To confirm the generation of aryne under the established reaction conditions, the “capture” of the generated benzyne was tried by adding anthracene as a thermally stable diene into the solid mixture, because it can yield the easily characterized aromatic compound triptycene (15), derived from a [4+2] cycloaddition (Fig. 4). The NMR analysis of the reaction mixture led to 15 as the major product in approximately 33% conversion, and 60 and 27% of recovered 1 and 13, respectively (Fig. S8, ESI). This result successfully proves the generation of 14 from 1 by thermal decomposition under the described conditions.

image file: c7cc08676h-f4.tif
Fig. 4 Trapping of benzyne (14) generated upon MW irradiation of 1 under solvent-free conditions with FLG as the MW absorbing matrix.

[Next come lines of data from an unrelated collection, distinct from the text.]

theorem lemma8:
  "\<exists>C::real. \<forall>k m k0 m0. \<forall>x::real.
     1 \<le> k0 \<and> k0 \<le> k \<and> 1 \<le> m0 \<and> m0 \<le> m \<and> x \<ge> 2 \<longrightarrow>
     (let \<alpha> = real (tet 2 k0); \<beta> = real (tet 2 m0) in
       \<bar>real (Hcount k m x) - c k m * x\<bar>
         \<le> C * (\<alpha> * \<beta> * kappa powr (\<alpha> + \<beta>) * x powr (1/\<alpha> + 1/\<beta> - 1/(\<alpha>*\<beta>)) * (ln x)\<^sup>2))"
proof (intro exI[of _ 21] allI impI)
  fix k m k0 m0 :: nat and x :: real
  assume h: "1 \<le> k0 \<and> k0 \<le> k \<and> 1 \<le> m0 \<and> m0 \<le> m \<and> x \<ge> 2"
  define a b where "a = tet 2 k0" and "b = tet 2 m0"
  define \<rho> where "\<rho> = kappa ^ a * kappa ^ b * x powr (1/a + 1/b - 1/(real a * real b))"
  have ab: "2 \<le> a" "a \<le> tet 2 k" "2 \<le> b" "b \<le> tet 2 m"
    using h tet_2_ge_2 tet_2_mono by (auto simp: a_def b_def)
  have "\<bar>real (Hcount k m x) - c k m * x\<bar> \<le> 21 * \<rho>"
    using abs_Hcount_minus_c_le[OF ab, of x] h by (simp add: \<rho>_def mult.assoc)
  also have "\<dots> \<le> 21 * (real a * real b * (ln x)\<^sup>2 * \<rho>)"
  proof -
    have "\<rho> \<ge> 0" using kappa_pos by (simp add: \<rho>_def)
    then have "1 * \<rho> \<le> real a * real b * (ln x)\<^sup>2 * \<rho>"
      using one_le_mult_ln_squared[of a b x] ab h by (intro mult_right_mono) auto
    then show ?thesis by simp
  qed
  finally show "let \<alpha> = real (tet 2 k0); \<beta> = real (tet 2 m0) in
       \<bar>real (Hcount k m x) - c k m * x\<bar>
         \<le> 21 * (\<alpha> * \<beta> * kappa powr (\<alpha> + \<beta>) * x powr (1/\<alpha> + 1/\<beta> - 1/(\<alpha>*\<beta>)) * (ln x)\<^sup>2)"
    using kappa_pos by (simp add: Let_def a_def b_def \<rho>_def powr_add powr_realpow mult_ac)
qed

end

To date, aryne cycloaddition reactions with diverse carbon nanomaterials have been reported. For example, benzyne cycloaddition with fullerene C60 leads to [2+2] adducts.20 Nevertheless, for reactions performed on carbon nanotubes,10 carbon nanohorns,11 and graphene derivatives,12 there is no experimental evidence as yet about the exact structure of the adducts obtained. Several theoretical studies suggest that the benzyne reaction with carbon nanotubes presents periselectivity (i.e., either [4+2] or [2+2]) depending on different parameters, such as the type of carbon nanotube (i.e., number of walls, chirality, etc.) and its diameter.10a,21 In the case of graphene, theoretical studies argued that the reaction with benzyne on a graphene fragment of 4 × 4, 6 × 6 and 8 × 8 unit cells is more energetically favorable through [2+2] cycloaddition, but both can occur.19b,21c Other theoretical calculations suggest that cycloaddition reactions occur at edges and defected areas.19a,22 However, cycloaddition reactions have been also reported on defect-free epitaxial graphene.8b

The described graphene functionalization was extended to structurally more complex arynes (Fig. 3) via thermal decomposition of the corresponding anhydrides (2–6) under the standard conditions described for phthalic anhydride. In particular, arylene groups with heteroatoms, such as a fluorine-substituted phenylene (f-G(8)), or aromatic moieties with a large number of fused benzene rings (f-G(9–12)) have been covalently linked to the graphene structure. In the latter case, aromatic groups were introduced with the same number of benzene rings but with different topologies (f-G(10–11)). The new modified graphene derivatives were characterized using Raman spectroscopy, TGA, TEM, as well as XPS techniques, showing consistent functionalization yields in all cases (Table S2, ESI).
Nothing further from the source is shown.